DIRECTIONS ->
In full and unchanged, output the entries that follow.

-*-*-

(* Let $X,Y,A,B$ be non-empty finite sets. Then $\mathcal R_{\rm lowc}$ is a resource over $(X\times Y,A\times B)$ and $\mathsf{QC}(\mathcal R_{\rm lowc})=\mathcal Q_{\rm lowc}$.
   Context: For $n\in\mathbb N$, finite sets $S_i,T_i$, operators $U_i:\mathbb C^X\to\mathbb C^A\otimes\mathbb C^{S_i}$ with $\sum_{i=1}^nU_i^*U_i=I_X$ and isometries $V_i:\mathbb C^Y\to\mathbb C^B\otimes\mathbb C^{T_i}$, the column $[U_i\otimes V_i]_{i=1}^n:\mathbb C^{XY}\to\bigoplus_i\mathbb C^{AB}\otimes\mathbb C^{S_i}\otimes\mathbb C^{T_i}\cong\mathbb C^{AB}\otimes K$ with $K=\bigoplus_i\mathbb C^{S_i}\otimes\mathbb C^{T_i}$ is an isometry, regarded as a block operator isometry over $(XY,AB)$ with entries in $\mathcal B(\mathbb C,K)$. $\mathcal R_{\rm lowc}$ is the set of all finite entrywise direct sums of such isometries. A block operator isometry over $(Z,C)$ is an isometry $W=(W_{c,z}):H^Z\to L^C$; $\phi_W:\mathcal S_1^{C,Z}\to\mathcal B(H,L)$, $\phi_W(e_ze_c^* )=W_{c,z}$; for a normal state $\sigma$, $\Gamma_{W,\sigma}(\epsilon_{z,z'})=\sum_{c,c'}\sigma(W_{c,z}^*W_{c',z'})\epsilon_{c,c'}$ and $\mathsf{QC}(\mathcal R)=\{\Gamma_{W,\sigma}:W\in\mathcal R\}$. A resource over $(Z,C)$ is a family of block operator isometries closed under finite entrywise direct sums and separating: for every nonzero $S\in\mathcal S_1^{C,Z}$ (operators $\mathbb C^C\to\mathbb C^Z$) some $W$ in the family has $\phi_W(S)\neq0$. $\mathcal Q_{\rm lowc}$ is the set of channels $\Gamma=\sum_{i=1}^n\Psi_i\otimes\Phi_i:M_{XY}\to M_{AB}$, where $\Psi_i:M_X\to M_A$ are completely positive with $\sum_i\Psi_i$ trace preserving and $\Phi_i:M_Y\to M_B$ are quantum channels. *)

theory Defs
  imports "Jordan_Normal_Form.Matrix"
begin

-*-*-

RESPONSE AREA ->
(* Let $X,Y,A,B$ be non-empty finite sets. Then $\mathcal R_{\rm lowc}$ is a resource over $(X\times Y,A\times B)$ and $\mathsf{QC}(\mathcal R_{\rm lowc})=\mathcal Q_{\rm lowc}$.
   Context: For $n\in\mathbb N$, finite sets $S_i,T_i$, operators $U_i:\mathbb C^X\to\mathbb C^A\otimes\mathbb C^{S_i}$ with $\sum_{i=1}^nU_i^*U_i=I_X$ and isometries $V_i:\mathbb C^Y\to\mathbb C^B\otimes\mathbb C^{T_i}$, the column $[U_i\otimes V_i]_{i=1}^n:\mathbb C^{XY}\to\bigoplus_i\mathbb C^{AB}\otimes\mathbb C^{S_i}\otimes\mathbb C^{T_i}\cong\mathbb C^{AB}\otimes K$ with $K=\bigoplus_i\mathbb C^{S_i}\otimes\mathbb C^{T_i}$ is an isometry, regarded as a block operator isometry over $(XY,AB)$ with entries in $\mathcal B(\mathbb C,K)$. $\mathcal R_{\rm lowc}$ is the set of all finite entrywise direct sums of such isometries. A block operator isometry over $(Z,C)$ is an isometry $W=(W_{c,z}):H^Z\to L^C$; $\phi_W:\mathcal S_1^{C,Z}\to\mathcal B(H,L)$, $\phi_W(e_ze_c^* )=W_{c,z}$; for a normal state $\sigma$, $\Gamma_{W,\sigma}(\epsilon_{z,z'})=\sum_{c,c'}\sigma(W_{c,z}^*W_{c',z'})\epsilon_{c,c'}$ and $\mathsf{QC}(\mathcal R)=\{\Gamma_{W,\sigma}:W\in\mathcal R\}$. A resource over $(Z,C)$ is a family of block operator isometries closed under finite entrywise direct sums and separating: for every nonzero $S\in\mathcal S_1^{C,Z}$ (operators $\mathbb C^C\to\mathbb C^Z$) some $W$ in the family has $\phi_W(S)\neq0$. $\mathcal Q_{\rm lowc}$ is the set of channels $\Gamma=\sum_{i=1}^n\Psi_i\otimes\Phi_i:M_{XY}\to M_{AB}$, where $\Psi_i:M_X\to M_A$ are completely positive with $\sum_i\Psi_i$ trace preserving and $\Phi_i:M_Y\to M_B$ are quantum channels. *)

theory Defs
  imports "Jordan_Normal_Form.Matrix"
begin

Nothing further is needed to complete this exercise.